2012-03-11 Thread Grant Edwards
On 2012-03-11, Nikos Chantziaras rea...@gmail.com wrote:
 On 11/03/12 18:14, Grant Edwards wrote:
 On 2012-03-11, Nikos Chantziarasrea...@gmail.com  wrote:

 There is no display from.  I use Thunderbird and it reports the
 from correctly (that is, it says the mail did not come from GMail.)
 All mail clients do that.

 Outlook never used to.  It always used to display the on behalf of
 stuff.

 They use the From: address.  It's a standard specified in an RFC.

 Oh, well Microsoft has never violated an RFC, so I'm sure you're right.
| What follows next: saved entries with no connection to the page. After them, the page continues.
lemma sum_reindex_initial_segment:
  fixes \<sigma> :: "nat \<Rightarrow> nat" and A :: "nat \<Rightarrow> 'a::semiring_0"
  assumes "inj_on \<sigma> {..<n}"
  shows "\<exists>K c. \<forall>\<phi>. (\<Sum>j<n. A j * \<phi> (\<sigma> j)) = (\<Sum>k<K. c k * \<phi> k)"
proof -
  obtain K where K: "\<sigma> ` {..<n} \<subseteq> {..<K}"
    using finite_nat_iff_bounded[of "\<sigma> ` {..<n}"] by blast
  define c where "c k = (if k \<in> \<sigma> ` {..<n} then A (the_inv_into {..<n} \<sigma> k) else 0)" for k
  have "(\<Sum>j<n. A j * \<phi> (\<sigma> j)) = (\<Sum>k<K. c k * \<phi> k)" for \<phi>
  proof -
    have "(\<Sum>k<K. c k * \<phi> k) = (\<Sum>k\<in>\<sigma> ` {..<n}. c k * \<phi> k)"
      using K by (intro sum.mono_neutral_cong_right) (auto simp: c_def)
    also have "\<dots> = (\<Sum>j<n. A j * \<phi> (\<sigma> j))"
      using assms by (simp add: sum.reindex c_def the_inv_into_f_f)
    finally show ?thesis ..
  qed
  then show ?thesis by blast
qed

lemma muntz_powr_approx:
  fixes \<nu> \<mu> :: "nat \<Rightarrow> real" and m b e :: real
  assumes inj: "inj \<nu>" and lim: "filterlim \<nu> at_top sequentially"
    and div: "\<not> summable (\<lambda>k. 1 / \<nu> k)" and sub: "range \<nu> \<subseteq> range \<mu>"
    and m: "0 < m" and b: "0 < b" and e: "0 < e"
  shows "\<exists>K c. \<forall>r. 0 < r \<and> r \<le> b \<longrightarrow> \<bar>r powr m - (\<Sum>k<K. c k * r powr \<mu> k)\<bar> \<le> e"
proof -
  obtain k0 where k0: "\<And>k. k0 \<le> k \<Longrightarrow> m < \<nu> k"
    using lim unfolding filterlim_at_top_dense eventually_sequentially by blast
  define L where "L j = \<nu> (j + k0)" for j
  have "inj L" by (rule injI) (use inj in \<open>auto simp: L_def dest: injD\<close>)
  moreover have "m < L j" for j using k0 by (simp add: L_def)
  moreover have "\<not> summable (\<lambda>j. 1 / L j)"
    using div summable_iff_shift[of "\<lambda>k. 1 / \<nu> k" k0] by (simp add: L_def)
  ultimately obtain n A where A: "\<And>x. 0 < x \<Longrightarrow> x \<le> 1 \<Longrightarrow>
      \<bar>x powr m - (\<Sum>j<n. A j * x powr L j)\<bar> \<le> e / b powr m"
    using muntz_unit_interval[OF m, of L "e / b powr m"] e b by auto
  define \<sigma> where "\<sigma> j = inv \<mu> (L j)" for j
  have \<sigma>: "\<mu> (\<sigma> j) = L j" for j
    using sub unfolding \<sigma>_def L_def by (meson f_inv_into_f range_subsetD)
  then have \<sigma>_inj: "inj_on \<sigma> {..<n}"
    using \<open>inj L\<close> by (metis inj_on_def inj_def)
  obtain K c where Kc: "\<And>\<phi>. (\<Sum>j<n. (b powr m * A j * b powr - L j) * \<phi> (\<sigma> j)) = (\<Sum>k<K. c k * \<phi> k)"
    using sum_reindex_initial_segment[OF \<sigma>_inj, of "\<lambda>j. b powr m * A j * b powr - L j"] by blast
  have "\<bar>r powr m - (\<Sum>k<K. c k * r powr \<mu> k)\<bar> \<le> e" if r: "0 < r" "r \<le> b" for r
  proof -
    have "(\<Sum>k<K. c k * r powr \<mu> k) = b powr m * (\<Sum>j<n. A j * (r / b) powr L j)"
      using Kc[of "\<lambda>k. r powr \<mu> k"] r b
      by (simp add: \<sigma> sum_distrib_left powr_divide powr_minus field_simps)
    moreover have "r powr m = b powr m * (r / b) powr m"
      using r b by (simp add: powr_divide)
    ultimately have "\<bar>r powr m - (\<Sum>k<K. c k * r powr \<mu> k)\<bar>
        = b powr m * \<bar>(r / b) powr m - (\<Sum>j<n. A j * (r / b) powr L j)\<bar>"
      by (simp only: abs_mult right_diff_distrib[symmetric]) simp
    also have "\<dots> \<le> b powr m * (e / b powr m)"
      using A[of "r / b"] r b by (intro mult_left_mono) auto
    finally show ?thesis using b by simp
  qed
  then show ?thesis by blast
qed

section \<open>Approximation in L2\<close>

definition L2_approximable :: "'a measure \<Rightarrow> ('a \<Rightarrow> real) set \<Rightarrow> ('a \<Rightarrow> real) \<Rightarrow> bool" where
  "L2_approximable M S f \<longleftrightarrow>
     (\<forall>e>0. \<exists>g\<in>S. integrable M (\<lambda>x. (f x - g x)\<^sup>2) \<and> (\<integral>x. (f x - g x)\<^sup>2 \<partial>M) < e)"

definition measurable_subspace :: "'a measure \<Rightarrow> ('a \<Rightarrow> real) set \<Rightarrow> bool" where
  "measurable_subspace M S \<longleftrightarrow> S \<subseteq> borel_measurable M \<and> (\<lambda>x. 0) \<in> S \<and>
     (\<forall>p\<in>S. \<forall>q\<in>S. (\<lambda>x. p x + q x) \<in> S) \<and> (\<forall>c. \<forall>p\<in>S. (\<lambda>x. c * p x) \<in> S)"

lemma integral_square_add_le:
  fixes u v :: "'a \<Rightarrow> real"
  assumes u: "u \<in> borel_measurable M" "integrable M (\<lambda>x. (u x)\<^sup>2)"
    and v: "v \<in> borel_measurable M" "integrable M (\<lambda>x. (v x)\<^sup>2)"
  shows "integrable M (\<lambda>x. (u x + v x)\<^sup>2)"
    and "(\<integral>x. (u x + v x)\<^sup>2 \<partial>M) \<le> 2 * (\<integral>x. (u x)\<^sup>2 \<partial>M) + 2 * (\<integral>x. (v x)\<^sup>2 \<partial>M)"
proof -
  have pointwise: "(u x + v x)\<^sup>2 \<le> 2 * (u x)\<^sup>2 + 2 * (v x)\<^sup>2" for x
    using sum_squares_bound[of "u x" "v x"] by (simp add: power2_eq_square algebra_simps)
  have bound: "integrable M (\<lambda>x. 2 * (u x)\<^sup>2 + 2 * (v x)\<^sup>2)" using u v by auto
  show int: "integrable M (\<lambda>x. (u x + v x)\<^sup>2)"
    by (rule Bochner_Integration.integrable_bound[OF bound]) (use u v pointwise in auto)
  have "(\<integral>x. (u x + v x)\<^sup>2 \<partial>M) \<le> (\<integral>x. 2 * (u x)\<^sup>2 + 2 * (v x)\<^sup>2 \<partial>M)"
    using int bound pointwise by (rule integral_mono)
  also have "\<dots> = 2 * (\<integral>x. (u x)\<^sup>2 \<partial>M) + 2 * (\<integral>x. (v x)\<^sup>2 \<partial>M)"
    using u v by simp
  finally show "(\<integral>x. (u x + v x)\<^sup>2 \<partial>M) \<le> 2 * (\<integral>x. (u x)\<^sup>2 \<partial>M) + 2 * (\<integral>x. (v x)\<^sup>2 \<partial>M)" .
qed
(* Let $(X,\mathbf P,\mathbf n)$ be a homogeneous hierarchical structure of degree $n\ge2$, and suppose there are constants $C_1,C_2>0$ and $\rho>1$ such that $C_1\rho^{-r}\le p_r\le C_2\rho^{-r}$ for all sufficiently large $r$. Let $\mu$ be the spectral measure of $\Delta$ and $\delta_x$ (independent of $x$). Then: (1) $\lim_{t\downarrow0}\frac{\log\mu([1-t,1])}{\log t}$ exists and equals $\frac{\log n}{\log\rho}$; i.e. the spectral dimension is $\mathrm d(n,\rho)=2\frac{\log n}{\log\rho}$. In particular $0<\mathrm d(n,\rho)\le2$ iff $n\le\rho$. (2) For $x\in X$ let $R=\sum_{k=0}^\infty\langle\delta_x,\Delta^k\delta_x\rangle\in[0,\infty]$. Then $R=\infty$ (the random walk with transition probabilities $\langle\delta_x,\Delta\delta_y\rangle$ is recurrent) if $0<\mathrm d(n,\rho)\le2$, i.e. $\rho\ge n$, and $R<\infty$ (transient) if $\mathrm d(n,\rho)>2$, i.e. $\rho<n$.
   Context: $X$ is an infinite countable set, $\delta_x$ the Kronecker delta at $x$. A hierarchical structure $(X,\mathbf P,\mathbf n)$ consists of a sequence $\mathbf n=(n_r)_{r\ge0}$ of positive integers and partitions $\mathcal P_r$ of $X$ ("clusters of rank $r$") such that: $n_0=1$ and rank-0 clusters are singletons; for $r\ge1$ every rank-$r$ cluster is a disjoint union of exactly $n_r$ rank-$(r-1)$ clusters; any two points lie in a common cluster of some rank. It is homogeneous of degree $n$ if $n_r=n$ for all $r\ge1$. $N_r=\prod_{s=0}^rn_s$, $Q_r(x)$ is the rank-$r$ cluster containing $x$, $d(x,y)=\min\{r:y\in Q_r(x)\}$, $(E_r\psi)(x)=\frac1{N_r}\sum_{d(x,y)\le r}\psi(y)$. $(p_r)_{r\ge1}$ are positive with $\sum p_r=1$, $p_0=0$, $\lambda_r=\sum_{s\le r}p_s$, and $\Delta=\sum_{r\ge0}p_rE_r$ on $\ell^2(X)$. The spectral measure $\mu$ of $\Delta$ and $\delta_x$ is the Borel probability measure with $\langle\delta_x,f(\Delta)\delta_x\rangle=\int f\,d\mu$ for bounded Borel $f$. The spectral dimension $\mathrm d$ is defined by $\lim_{t\downarrow0}\log\mu([1-t,1])/\log t=\mathrm d/2$ when this limit exists. *)

theory Defs
  imports "HOL-Probability.Probability"
begin

text \<open>Hierarchical structure on a countably infinite set X: P r is the partition of X
  into clusters of rank r, nn r is the number of rank-(r-1) clusters in a rank-r cluster.\<close>

definition hier_struct :: "'a set \<Rightarrow> (nat \<Rightarrow> 'a set set) \<Rightarrow> (nat \<Rightarrow> nat) \<Rightarrow> bool" where
  "hier_struct X P nn \<longleftrightarrow>
     countable X \<and> infinite X \<and>
     (\<forall>r. nn r > 0) \<and> nn 0 = 1 \<and>
     (\<forall>r. partition_on X (P r)) \<and>
     P 0 = {{x} | x. x \<in> X} \<and>
     (\<forall>r. \<forall>C \<in> P (Suc r). \<exists>S. S \<subseteq> P r \<and> finite S \<and> card S = nn (Suc r) \<and> C = \<Union>S) \<and>
     (\<forall>x\<in>X. \<forall>y\<in>X. \<exists>r. \<exists>C\<in>P r. x \<in> C \<and> y \<in> C)"

definition homogeneous :: "(nat \<Rightarrow> nat) \<Rightarrow> nat \<Rightarrow> bool" where
  "homogeneous nn n \<longleftrightarrow> (\<forall>r\<ge>1. nn r = n)"

definition NN :: "(nat \<Rightarrow> nat) \<Rightarrow> nat \<Rightarrow> nat" where
  "NN nn r = (\<Prod>s\<le>r. nn s)"
text \<open>Expanding a principal minor of \<open>B 0 * \<dots> * B (k - 1)\<close> one factor at a time writes it as
  a sum of terms \<open>sign p \<cdot> \<Prod>\<close>(entries along a family of paths through the \<open>k\<close> layers of \<open>G\<close>),
  where the paths are disjoint in every layer and the permutation \<open>p\<close> matches their ends with their
  starts. A cycle of \<open>p\<close> of length \<open>c\<close> glues its paths into a directed cycle of \<open>G\<close> with \<open>k c\<close> edges;
  since that cycle is not an e-cycle, the product of the signs of its entries is \<open>-(-1)\<^sup>c\<close>.
  Multiplying over the cycles of \<open>p\<close>, the sign of the whole product of entries is \<open>sign p\<close>,
  so each term equals \<open>(sign p)\<^sup>2\<close> times a nonnegative number.\<close>

inductive sums_of :: "('a::comm_monoid_add \<Rightarrow> bool) \<Rightarrow> 'a \<Rightarrow> bool" for P where
  zero: "sums_of P 0"
| single: "P x \<Longrightarrow> sums_of P x"
| add: "sums_of P x \<Longrightarrow> sums_of P y \<Longrightarrow> sums_of P (x + y)"

lemma sums_of_sum: "(\<And>i. i \<in> I \<Longrightarrow> sums_of P (f i)) \<Longrightarrow> sums_of P (sum f I)"
  by (induct I rule: infinite_finite_induct) (auto intro: sums_of.intros)

lemma sums_of_mult_right:
  fixes c :: "'a::semiring_0"
  assumes "sums_of P x" and "\<And>y. P y \<Longrightarrow> Q (y * c)"
  shows "sums_of Q (x * c)"
  using assms by induct (auto simp: distrib_right intro: sums_of.intros)

lemma sums_of_nonneg:
  fixes x :: "'a::ordered_comm_monoid_add"
  assumes "sums_of P x" and "\<And>y. P y \<Longrightarrow> 0 \<le> y"
  shows "0 \<le> x"
  using assms by induct (auto intro: add_nonneg_nonneg)

definition perm_cycle :: "('a \<Rightarrow> 'a) \<Rightarrow> 'a list \<Rightarrow> bool" where
  "perm_cycle p cs \<longleftrightarrow> cs \<noteq> [] \<and> distinct cs \<and>
     (\<forall>i < length cs. p (cs ! i) = cs ! (Suc i mod length cs))"

lemma perm_cycle_cong: "(\<And>x. x \<in> set cs \<Longrightarrow> p x = q x) \<Longrightarrow> perm_cycle p cs = perm_cycle q cs"
  unfolding perm_cycle_def by (auto simp: nth_mem)

lemma perm_cycle_closed: "perm_cycle p cs \<Longrightarrow> x \<in> set cs \<Longrightarrow> p x \<in> set cs"
  unfolding perm_cycle_def by (metis in_set_conv_nth mod_less_divisor length_greater_0_conv)

lemma perm_cycle_rotate:
  assumes "perm_cycle p cs"
  shows "perm_cycle p (rotate r cs)"
proof -
  have "p (rotate r cs ! i) = rotate r cs ! (Suc i mod length cs)" if "i < length cs" for i
    using assms that unfolding perm_cycle_def
    by (simp add: nth_rotate mod_Suc_eq add.commute[of r] mod_add_left_eq)
  then show ?thesis using assms unfolding perm_cycle_def by simp
qed

lemma perm_cycle_snoc:
  assumes cyc: "perm_cycle q cs" and b: "last cs = b" and a: "a \<notin> set cs"
    and "p b = a" and "p a = q b" and agree: "\<And>x. x \<in> set cs \<Longrightarrow> x \<noteq> b \<Longrightarrow> p x = q x"
  shows "perm_cycle p (cs @ [a])"
proof -
  let ?L = "length cs"
  have L: "?L > 0" and dist: "distinct cs"
    and step: "\<And>i. i < ?L \<Longrightarrow> q (cs ! i) = cs ! (Suc i mod ?L)"
    using cyc unfolding perm_cycle_def by auto
  have b_nth: "cs ! (?L - 1) = b" using b L by (simp add: last_conv_nth)
  have "p ((cs @ [a]) ! i) = (cs @ [a]) ! (Suc i mod Suc ?L)" if i: "i < Suc ?L" for i
  proof -
    consider "Suc i < ?L" | "Suc i = ?L" | "i = ?L" using i by linarith
    then show ?thesis
    proof cases
      case 1
      have "cs ! i \<noteq> b" using dist b_nth 1 nth_eq_iff_index_eq[of cs i "?L - 1"] by auto
      then show ?thesis using 1 agree[of "cs ! i"] step[of i] by (simp add: nth_append)
    next
      case 2
      then have "i = ?L - 1" by simp
      then show ?thesis using 2 b_nth \<open>p b = a\<close> by (simp add: nth_append)
    next
      case 3
      then show ?thesis using step[of "?L - 1"] b_nth L \<open>p a = q b\<close> by (simp add: nth_append)
    qed
  qed
  then show ?thesis using dist a unfolding perm_cycle_def by simp
qed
 GMail does not generate an on behalf of header either.

 I just tested it.  I've sent an email through GMail's SMTP.  Here are
 the relevant headers of the email that arrived.  my_other_address
 is what I used as From:

Return-path: rea...@gmail.com
Envelope-to: my_other_address
Sender: Nikos Chantziaras rea...@gmail.com
From: my_other_address

Ah!  Apparently gmail has fixed the sender problem.  According to
wikipedia, they now allow you to use somebody else's SMTP server:

  http://en.wikipedia.org/wiki/Gmail#On_behalf_of

That's not what you're doing?

If they have indeed fixed it so you can send mail using Google's SMTP
server and have something other than your gmail address show up in the
sender field, then it's time to celebrate.

 The OP mentioned that the problem is that he wants to subscribe to a 
 mailing list, but that list sends the verification mail to the Sender: 
 address rather than the From: address.  Which sounds very weird to me. 
   If you want to subscribe the From: address to a list, why would they 
 want to verify the Sender: address instead?  Makes no sense.

Dunno.  I didn't relly understand what the OP was saying.  I was
confirming (erroneously), the gmail would always put the gmail address
in the sender header, which then triggered Outlook to display the
on behalf of stuff.  That issue has apparently been fixed.